Bush hosted Japan's Prime Minister Shingo Abe at Camp David where he signed formal surrender papers making the defeat of General Motors by Toyota official.
Obama is the first presidential candidate to receive Secret Service protection----even though the Clinton campaign has signed a pledge not to have him whacked.
Mitt Romney's camp admits they pay college students a commission for every campaign contributor recruited on campus, with a special bonus if the contributors ever heard of Joseph Smith.
Don't wonder off. This gets better as it goes along!
British Army lieutenant Prince Harry is headed to Iraq with his tank unit, the elite 357th "Don't Shoot, He's a Royal!" Armoured Battalion.
Latinos gathered to celebrate Cinco de Mayo in LA's MacArthur Park. Or, as the LAPD calls it, "the practice range."
Evander Holyfield, 44, will fight Lou Savarese on June 30 in El Paso. The "three knockdown" rule will be in effect, with special consideration for strokes.
The Archieves of Pediatrics reports that 40% of 3-month old toddlers regularly watch television. More disturbing, 86% of them think it's good.
The British fashion chain TopShop has launched its new Kate Moss line which includes stone-washed blue denim cargo pants with pockets specially tailored to accomodate prescription hallucinogenics.
A GAO report shows the average plane used by the Air Force is 23.5 years old. Juggle the numbers and you get the average age of stewardesses on Delta----53.2.

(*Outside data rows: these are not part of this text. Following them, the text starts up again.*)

lemma l1_dist_sq_le_rev_cond_KL:
  fixes P :: "'x measure" and q p :: "'x \<Rightarrow> 'a::finite \<Rightarrow> real"
  assumes "is_policy P q" "is_policy P p" "\<forall>x\<in>space P. \<forall>a. 0 < p x a"
  shows "(\<integral>\<^sup>+x. ennreal ((\<Sum>a\<in>UNIV. \<bar>q x a - p x a\<bar>)\<^sup>2 / 2) \<partial>P) \<le> rev_cond_KL P q p"
  unfolding rev_cond_KL_def
proof (intro nn_integral_mono)
  fix x assume x: "x \<in> space P"
  show "ennreal ((\<Sum>a\<in>UNIV. \<bar>q x a - p x a\<bar>)\<^sup>2 / 2) \<le> (if \<exists>a. p x a > 0 \<and> q x a = 0 then \<infinity>
      else ennreal (\<Sum>a\<in>UNIV. if p x a = 0 then 0 else p x a * ln (p x a / q x a)))"
  proof (cases "\<exists>a. p x a > 0 \<and> q x a = 0")
    case False
    with x assms have "0 < q x a" for a
      by (metis is_policy_def less_eq_real_def)
    with x assms have "(\<Sum>a\<in>UNIV. \<bar>p x a - q x a\<bar>)\<^sup>2
        \<le> 2 * (\<Sum>a\<in>UNIV. if p x a = 0 then 0 else p x a * ln (p x a / q x a))"
      by (intro pinsker_sum) (auto simp: is_policy_def)
    thus ?thesis using False by (simp add: abs_minus_commute ennreal_leI)
  qed simp
qed

lemma cond_KL_le_ln_weight:
  fixes P :: "'x measure" and q p :: "'x \<Rightarrow> 'a::finite \<Rightarrow> real"
  assumes "prob_space P" and q: "is_policy P q" and p: "\<forall>x\<in>space P. \<forall>a. 0 < p x a"
    and w: "\<forall>x\<in>space P. \<forall>a. q x a / p x a \<le> w"
  shows "cond_KL P q p \<le> ennreal (ln w)"
proof -
  have "(\<Sum>a\<in>UNIV. if q x a = 0 then 0 else q x a * ln (q x a / p x a)) \<le> (\<Sum>a\<in>UNIV. q x a * ln w)"
    if x: "x \<in> space P" for x
  proof (intro sum_mono)
    fix a
    have q0: "0 \<le> q x a" using q x by (simp add: is_policy_def)
    show "(if q x a = 0 then 0 else q x a * ln (q x a / p x a)) \<le> q x a * ln w"
    proof (cases "q x a = 0")
      case False
      hence "0 < q x a / p x a" using q0 p x by simp
      hence "ln (q x a / p x a) \<le> ln w" using w x by (metis ln_le_cancel_iff order.strict_trans2)
      thus ?thesis using False q0 by (simp add: mult_left_mono)
    qed simp
  qed
  moreover have "(\<Sum>a\<in>UNIV. q x a * ln w) = ln w" if "x \<in> space P" for x
    using q that by (simp add: is_policy_def sum_distrib_right[symmetric])
  ultimately have "cond_KL P q p \<le> (\<integral>\<^sup>+x. ennreal (ln w) \<partial>P)"
    unfolding cond_KL_def by (intro nn_integral_mono ennreal_leI) auto
  thus ?thesis using prob_space.emeasure_space_1[OF assms(1)] by simp
qed

lemma (in prob_space) square_integral_le_integral_square:
  fixes f :: "'a \<Rightarrow> real"
  assumes "integrable M f" "integrable M (\<lambda>x. (f x)\<^sup>2)"
  shows "(integral\<^sup>L M f)\<^sup>2 \<le> (\<integral>x. (f x)\<^sup>2 \<partial>M)"
  using variance_eq[OF assms] integral_nonneg_AE[of "\<lambda>x. (f x - integral\<^sup>L M f)\<^sup>2" M] by simp

lemma l1_dist_le_2:
  assumes "is_policy P q" "is_policy P p" "x \<in> space P"
  shows "(\<Sum>a\<in>UNIV. \<bar>q x a - p x a\<bar>) \<le> 2"
proof -
  have "(\<Sum>a\<in>UNIV. \<bar>q x a - p x a\<bar>) \<le> (\<Sum>a\<in>UNIV. q x a + p x a)"
    using assms by (intro sum_mono) (auto simp: is_policy_def abs_le_iff)
  also have "\<dots> = 2" using assms by (simp add: is_policy_def sum.distrib)
  finally show ?thesis .
qed

lemma integral_l1_dist_le_sqrt_min_KL:
  fixes P :: "'x measure" and q p :: "'x \<Rightarrow> 'a::finite \<Rightarrow> real"
  assumes "prob_space P" and q: "is_policy P q" and p: "is_policy P p"
    and p_pos: "\<forall>x\<in>space P. \<forall>a. 0 < p x a" and KL_fin: "cond_KL P q p < \<infinity>"
  shows "(\<integral>x. (\<Sum>a\<in>UNIV. \<bar>q x a - p x a\<bar>) \<partial>P)
    \<le> sqrt (2 * enn2real (min (cond_KL P q p) (rev_cond_KL P q p)))"
proof -
  interpret prob_space P by fact
  define D where "D = (\<lambda>x. \<Sum>a\<in>UNIV. \<bar>q x a - p x a\<bar>)"
  have [measurable]: "(\<lambda>x. q x a) \<in> borel_measurable P" "(\<lambda>x. p x a) \<in> borel_measurable P" for a
    using p q by (auto simp: is_policy_def)
  have [measurable]: "D \<in> borel_measurable P" unfolding D_def by measurable
  have D: "0 \<le> D x" "D x \<le> 2" if "x \<in> space P" for x
    using l1_dist_le_2[OF q p that] by (simp_all add: D_def sum_nonneg)
  have iD: "integrable P D"
    by (rule integrable_const_bound[where B=2]) (use D in auto)
  have iD2: "integrable P (\<lambda>x. (D x)\<^sup>2)"
  proof (rule integrable_const_bound[where B=4])
    show "AE x in P. norm ((D x)\<^sup>2) \<le> 4"
    proof (rule AE_I2)
      fix x assume "x \<in> space P"
      hence "(D x)\<^sup>2 \<le> 2\<^sup>2" using D by (intro power_mono) auto
      thus "norm ((D x)\<^sup>2) \<le> 4" by simp
    qed
  qed simp
  have "ennreal ((\<integral>x. (D x)\<^sup>2 \<partial>P) / 2) = (\<integral>\<^sup>+x. ennreal ((D x)\<^sup>2 / 2) \<partial>P)"
    using iD2 by (subst nn_integral_eq_integral) auto
  also have "\<dots> \<le> min (cond_KL P q p) (rev_cond_KL P q p)"
    using l1_dist_sq_le_cond_KL[OF q p p_pos] l1_dist_sq_le_rev_cond_KL[OF q p p_pos]
    by (simp add: D_def)
  finally have "enn2real (ennreal ((\<integral>x. (D x)\<^sup>2 \<partial>P) / 2))
      \<le> enn2real (min (cond_KL P q p) (rev_cond_KL P q p))"
    using KL_fin by (intro enn2real_mono) (auto simp: min.strict_coboundedI1)
  moreover have "0 \<le> (\<integral>x. (D x)\<^sup>2 \<partial>P)" by (intro integral_nonneg_AE) auto
  ultimately have "(\<integral>x. (D x)\<^sup>2 \<partial>P) / 2 \<le> enn2real (min (cond_KL P q p) (rev_cond_KL P q p))"
    by simp
  hence "(integral\<^sup>L P D)\<^sup>2 \<le> 2 * enn2real (min (cond_KL P q p) (rev_cond_KL P q p))"
    using square_integral_le_integral_square[OF iD iD2] by linarith
  hence "integral\<^sup>L P D \<le> sqrt (2 * enn2real (min (cond_KL P q p) (rev_cond_KL P q p)))"
    by (rule real_le_rsqrt)
  thus ?thesis by (simp add: D_def)
qed

section \<open>The importance-weighted loss\<close>

definition max_weight :: "'x measure \<Rightarrow> ('x \<Rightarrow> 'a::finite \<Rightarrow> real) \<Rightarrow> ('x \<Rightarrow> 'a \<Rightarrow> real) \<Rightarrow> real" where
  "max_weight P q p = (SUP (x,a)\<in>space P \<times> UNIV. q x a / p x a)"

definition ips_loss :: "('x \<Rightarrow> 'a \<Rightarrow> real) \<Rightarrow> ('x \<Rightarrow> 'a \<Rightarrow> real) \<Rightarrow> ('x \<Rightarrow> 'a \<Rightarrow> real) \<Rightarrow> 'x \<times> 'a \<Rightarrow> real" where
  "ips_loss f q p = (\<lambda>(x,a). f x a * q x a / p x a)"

lemma emp_risk_eq_ips_loss: "emp_risk n f q p S = (1 / real n) * (\<Sum>i<n. ips_loss f q p (S i))"
  by (simp add: emp_risk_def ips_loss_def split_beta)

text \<open>With r = p/q: q (f r)^2 \<le> p r = p + (p - q) r, and (p - q) r \<le> w max (p - q) 0.\<close>

lemma ips_term_sq_le:
  fixes p q f w :: real
  assumes q: "0 < q" and p: "0 \<le> p" and f: "\<bar>f\<bar> \<le> 1" and w: "p / q \<le> w"
  shows "q * (f * p / q)\<^sup>2 \<le> p + w * (\<bar>p - q\<bar> + (p - q)) / 2"
proof -
  have "q * (f * p / q)\<^sup>2 = f\<^sup>2 * (p * (p / q))" using q by (simp add: power2_eq_square field_simps)
  also have "\<dots> \<le> p * (p / q)"
    using p q f by (intro mult_left_le_one_le) (auto simp: abs_square_le_1)
  also have "\<dots> = p + (p - q) * (p / q)" using q by (simp add: field_simps)
  also have "(p - q) * (p / q) \<le> w * (\<bar>p - q\<bar> + (p - q)) / 2"
  proof (cases "q \<le> p")
    case True
    hence "(p - q) * (p / q) \<le> (p - q) * w" using w by (intro mult_left_mono) auto
    moreover have "w * (\<bar>p - q\<bar> + (p - q)) / 2 = (p - q) * w" using True by simp
    ultimately show ?thesis by linarith
  next
    case False
    hence "(p - q) * (p / q) \<le> 0" using p q by (intro mult_nonpos_nonneg) auto
    thus ?thesis using False by simp
  qed
  finally show ?thesis by simp
qed

locale ips_setting =
  fixes P :: "'x measure" and pi0 pith fr :: "'x \<Rightarrow> 'a::finite \<Rightarrow> real"
  assumes prob_space_P: "prob_space P"
    and policy_pi0: "is_policy P pi0" and pi0_pos: "\<forall>x\<in>space P. \<forall>a. pi0 x a > 0"
    and policy_pith: "is_policy P pith"
    and weight_bdd: "bdd_above ((\<lambda>(x,a). pith x a / pi0 x a) ` (space P \<times> UNIV))"
    and fr_range: "\<forall>x\<in>space P. \<forall>a. -1 \<le> fr x a \<and> fr x a \<le> 0"
    and fr_measurable: "\<forall>a. (\<lambda>x. fr x a) \<in> borel_measurable P"
begin

sublocale P: prob_space P by (rule prob_space_P)

sublocale J: prob_space "joint P pi0" by (rule prob_space_joint[OF prob_space_P policy_pi0])

abbreviation "w_m \<equiv> max_weight P pith pi0"

abbreviation "Z \<equiv> ips_loss fr pith pi0"

abbreviation "min_KL \<equiv> enn2real (min (cond_KL P pith pi0) (rev_cond_KL P pith pi0))"

lemma measurable_components [measurable]:
  "(\<lambda>x. pi0 x a) \<in> borel_measurable P" "(\<lambda>x. pith x a) \<in> borel_measurable P"
  "(\<lambda>x. fr x a) \<in> borel_measurable P"
  using policy_pi0 policy_pith fr_measurable by (auto simp: is_policy_def)

lemma pith_nonneg: "x \<in> space P \<Longrightarrow> 0 \<le> pith x a"
  using policy_pith by (simp add: is_policy_def)

lemma weight_le_max_weight: "x \<in> space P \<Longrightarrow> pith x a / pi0 x a \<le> w_m"
  using cSUP_upper[of "(x,a)" "space P \<times> UNIV" "\<lambda>(x,a). pith x a / pi0 x a"] weight_bdd
  by (auto simp: max_weight_def)

lemma weight_nonneg:
  assumes "x \<in> space P" shows "0 \<le> pith x a / pi0 x a"
proof -
  have "0 < pi0 x a" using pi0_pos assms by simp
  thus ?thesis using pith_nonneg[OF assms] by simp
qed

lemma max_weight_nonneg: "0 \<le> w_m"
proof -
  obtain x where x: "x \<in> space P" using P.not_empty by blast
  show ?thesis using weight_nonneg[OF x] weight_le_max_weight[OF x] order_trans by blast
qed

David Hasselhoff has lost visitation rights to his teen girls. Worse, if he wants to speak to them by phone, he has to go through Alec Baldwin.
Cheney has had four coronaries, two angioplasties and quadruple bypass surgery. And he thought he had heart problems before Tenet drove a stake through it.
The 98% white Cleveland Bar Association has launched a program to educate blacks on the Constitution, civil rights and social studies and already it's paying off. They've signed seven of them to NBA contracts.
DC madam Jeane Palfrey's girls charged, according to police records, $300 an hour, which isn't bad considering they also did routine plumbing.
Hillary Rodham Clinton has announced she's dropping the "Rodham." May not mean much to you but now she has to change the monograms on 350 pant suits.
Tony Snow told his class reunion at Davidson College "God hasn't promised us tomorrow but He has promised us eternity." Bush only makes it seem like eternity, Tony.
The Judge in the Phil Spector trial admonished the jury to disregard the defendant's hair, pretty much neutralizing the defense's catch phrase "If the wig fits, you must acquit."
The British Court has charged Hugh Grant with hitting a photographer with a can of baked beans. In England, throwing food is a misdemeanor. Eating it is a felony.
April was the deadliest month of the year for troops in Iraq. It wasn't too kind to Don Imus, either.
A mineral has been discovered in Serbia that contains the same elements as Superman's nemesis, Kryptonite: sodium, lithium, boron, silicate, and hydroxide. Oh, sorry----that's Rush Limbaugh's medicine cabinet.
This year marks the 200th anniversary of the first use by a Renaissance French cartographer of the name "America" for the US. Replacing its previous title----Cleveland.
The 100th birthday of John Wayne will be marked by celebrations in his hometown of Winterset, Iowa. They've commissioned Dr. Scholl to provide a bronze statue of the flat feet that enabled the Duke to duck the draft during World War II.
Last year, the US imported $206 million worth of diamonds from Botswana, most of which ended up on the finger of Kobe Bryant's wife.
Bill Clinton's saxophone sold at a New York charity auction for $64,800. Rare because it's the only thing in the Oval Office that HE blew.